The first article attacked "the scientific method," concluding that what science proves might not be true after all and that experimentation is insufficient for settling beliefs about the world. The essay was widely discussed and criticized: see here, here, here, and here. I won't try to summarize the criticisms here, but they are worth reading.
The more recent essay narrows the focus to causal inferences. Basically, Lehrer argues that causes cannot be discovered using one-at-a-time inference techniques that treat the world as a mechanism reducible to its various parts. As an example of this, Lehrer uses the case of torcetrapib, a drug designed to improve cardiovascular health by increasing HDL cholesterol while decreasing LDL cholesterol. Lehrer points out that despite knowing a lot of things about how the cholesterol mechanism works, in human trials, torcetrapib turned out to cause heart attacks -- basically the opposite of what the manufacturers intended the drug to do. While torcetrapib did what it was supposed to do with respect to cholesterol, it also increased blood pressure. The total effect was to increase heart attack risk. And so, torcetrapib was not approved by the FDA.
The case is interesting, but the conclusion Lehrer draws is almost completely wrong. He writes:
The story of torcetrapib is a tale of mistaken causation. Pfizer was operating on the assumption that raising levels of HDL cholesterol and lowering LDL would lead to a predicatable outcome: Improved cardiovascular health. Less arterial plaque. Cleaner pipes. But that didn't happen.The only mistaken causation occurred before the human-subject trials. At that point, the researchers conjectured (reasonably) that the drug would reduce the risk of heart attack. They didn't realize that the drug increased blood pressure. But when they actually conducted the human experiment, they learned some causal facts: torcetrapib does not decrease the risk of heart attack, torcetrapib increases blood pressure, the effect of blood pressure on heart-attack risk is greater than the effect of cholesterol, etc.

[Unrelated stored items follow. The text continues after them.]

lemma cis_pow_neq_cnj_pow:
  assumes "sin (real N * t) \<noteq> 0"
  shows "cis t ^ N \<noteq> cnj (cis t) ^ N"
proof
  assume "cis t ^ N = cnj (cis t) ^ N"
  then have "cis (real N * t) = cis (- (real N * t))"
    by (simp add: Complex.DeMoivre cis_cnj)
  then have "Im (cis (real N * t)) = Im (cis (- (real N * t)))"
    by simp
  then show False using assms by simp
qed

lemma coefficients_zero_of_two_directions:
  fixes A B e w :: complex
  assumes "A * e ^ N = B * cnj e ^ N" "A * (e * w) ^ N = B * cnj (e * w) ^ N"
    and "e \<noteq> 0" "w ^ N \<noteq> cnj w ^ N"
  shows "A = 0 \<and> B = 0"
proof -
  have "A * e ^ N * w ^ N = B * cnj e ^ N * cnj w ^ N"
    using assms(2) by (simp add: power_mult_distrib mult_ac)
  also have "\<dots> = A * e ^ N * cnj w ^ N"
    using assms(1) by simp
  finally have "A * e ^ N * (w ^ N - cnj w ^ N) = 0"
    by (simp add: algebra_simps)
  then have "A = 0" using assms(3,4) by simp
  then show ?thesis using assms(1,3) by simp
qed

lemma exists_lowest_nonvanishing_order:
  assumes "\<not> vanishes_up_to_order f n x0"
  obtains N i j where "N < n" "vanishes_up_to_order f N x0" "i + j = N" "pd i j f x0 \<noteq> 0"
proof -
  define P where "P k \<longleftrightarrow> (\<exists>i j. i + j = k \<and> pd i j f x0 \<noteq> 0)" for k
  obtain i0 j0 where "i0 + j0 < n" "P (i0 + j0)"
    using assms unfolding vanishes_up_to_order_def P_def by blast
  moreover have "vanishes_up_to_order f (Least P) x0"
    unfolding vanishes_up_to_order_def using not_less_Least P_def by blast
  ultimately show ?thesis
    using that LeastI[of P] Least_le[of P] unfolding P_def by (meson le_less_trans)
qed

theorem theorem3p1:
  fixes \<Omega> :: "complex set" and u :: "complex \<Rightarrow> complex" and lam :: real
    and x0 em ep C1 C2 :: complex and h \<alpha> :: real and n :: nat
  assumes "open \<Omega>" and "lam > 0"
    and "smooth_on u \<Omega>"
    and "(\<lambda>z. (cmod (u z))\<^sup>2) integrable_on \<Omega>"
    and "\<forall>z\<in>\<Omega>. - laplacian u z = of_real lam * u z"
    and "x0 \<in> \<Omega>" and "h > 0" and "0 < \<alpha>" and "\<alpha> < 1"
    and "cmod em = 1" and "cmod ep = 1"
    and "ep = em * cis (\<alpha> * pi) \<or> em = ep * cis (\<alpha> * pi)"
    and "closed_segment x0 (x0 + of_real h * em) \<subseteq> \<Omega>"
    and "closed_segment x0 (x0 + of_real h * ep) \<subseteq> \<Omega>"
    and "gen_singular_line_const u x0 em h C1"
    and "gen_singular_line_const u x0 ep h C2"
    and "n \<ge> 3"
    and "u x0 = 0"
    and "\<forall>p q::nat. 1 \<le> q \<and> q < p \<and> p \<le> n - 1 \<longrightarrow> \<alpha> \<noteq> real q / real p"
  shows "vanishes_up_to_order u n x0"
proof (rule ccontr)
  assume "\<not> vanishes_up_to_order u n x0"
  then obtain N i j where N: "N < n" "vanishes_up_to_order u N x0"
    and ij: "i + j = N" "pd i j u x0 \<noteq> 0"
    by (rule exists_lowest_nonvanishing_order)
  obtain M where M: "N = Suc M" using ij \<open>u x0 = 0\<close> by (cases N) auto
  obtain A B where lt: "leading_term u x0 N A B"
    using helmholtz_leading_term[OF assms(1,3,5,6) N(2)] .
  have "A * em ^ N = B * cnj em ^ N" "A * ep ^ N = B * cnj ep ^ N"
    using singular_line_leading_term[OF assms(1,3,6) _ assms(7)] lt assms(13-16) unfolding M by blast+
  moreover have "sin (real N * (\<alpha> * pi)) \<noteq> 0"
    by (rule sin_mult_neq_zero_of_not_rational[OF assms(8,9)])
       (use M N(1) assms(19) in \<open>auto simp del: of_nat_Suc\<close>)
  then have "cis (\<alpha> * pi) ^ N \<noteq> cnj (cis (\<alpha> * pi)) ^ N"
    by (rule cis_pow_neq_cnj_pow)
  ultimately have "A = 0 \<and> B = 0"
    using assms(10-12) coefficients_zero_of_two_directions by (metis norm_zero zero_neq_one)
  moreover have "pd (N - j) j u x0 = A * \<i> ^ j + B * (- \<i>) ^ j"
    using lt le_add2[of j i] unfolding leading_term_def ij(1) by blast
  ultimately show False using ij(2) by (simp add: ij(1)[symmetric])
qed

At best what Lehrer is illustrating is the law of unintended consequences. After all, the researchers didn't want or expect any of their subjects to die as a result of taking the drug.
But maybe Lehrer's mischaracterization of the result is not especially surprising. He doesn't do a very good job even with basic statistical tools, like p-values.
Researchers have developed an impressive system for testing these correlations. For the most part, they rely on an abstract measure known as statistical significance, invented by English mathematician Ronald Fisher in the 1920s. This test defines a “significant” result as any data point that would be produced by chance less than 5 percent of the time.And he doesn't even try to describe any more complicated statistical techniques for causal inference: no mention of Bayes' theorem, no causal Bayes nets, no causal Markov axiom, no potential outcomes, and no structural equation models. He doesn't even try to describe the logic behind causal inference by experimentation -- how or why isolation and intervention let us make causal inferences.
The fact that Lehrer says nothing about developments in causal inference is really unfortunate, since Lehrer defended his first essay in part by arguing that we should ask whether science can work better than it currently does. I think such a question is admirable, but then, why didn't Lehrer bother to look around and see whether anyone is busy developing a better way of thinking about causal inference? Opportunity wasted.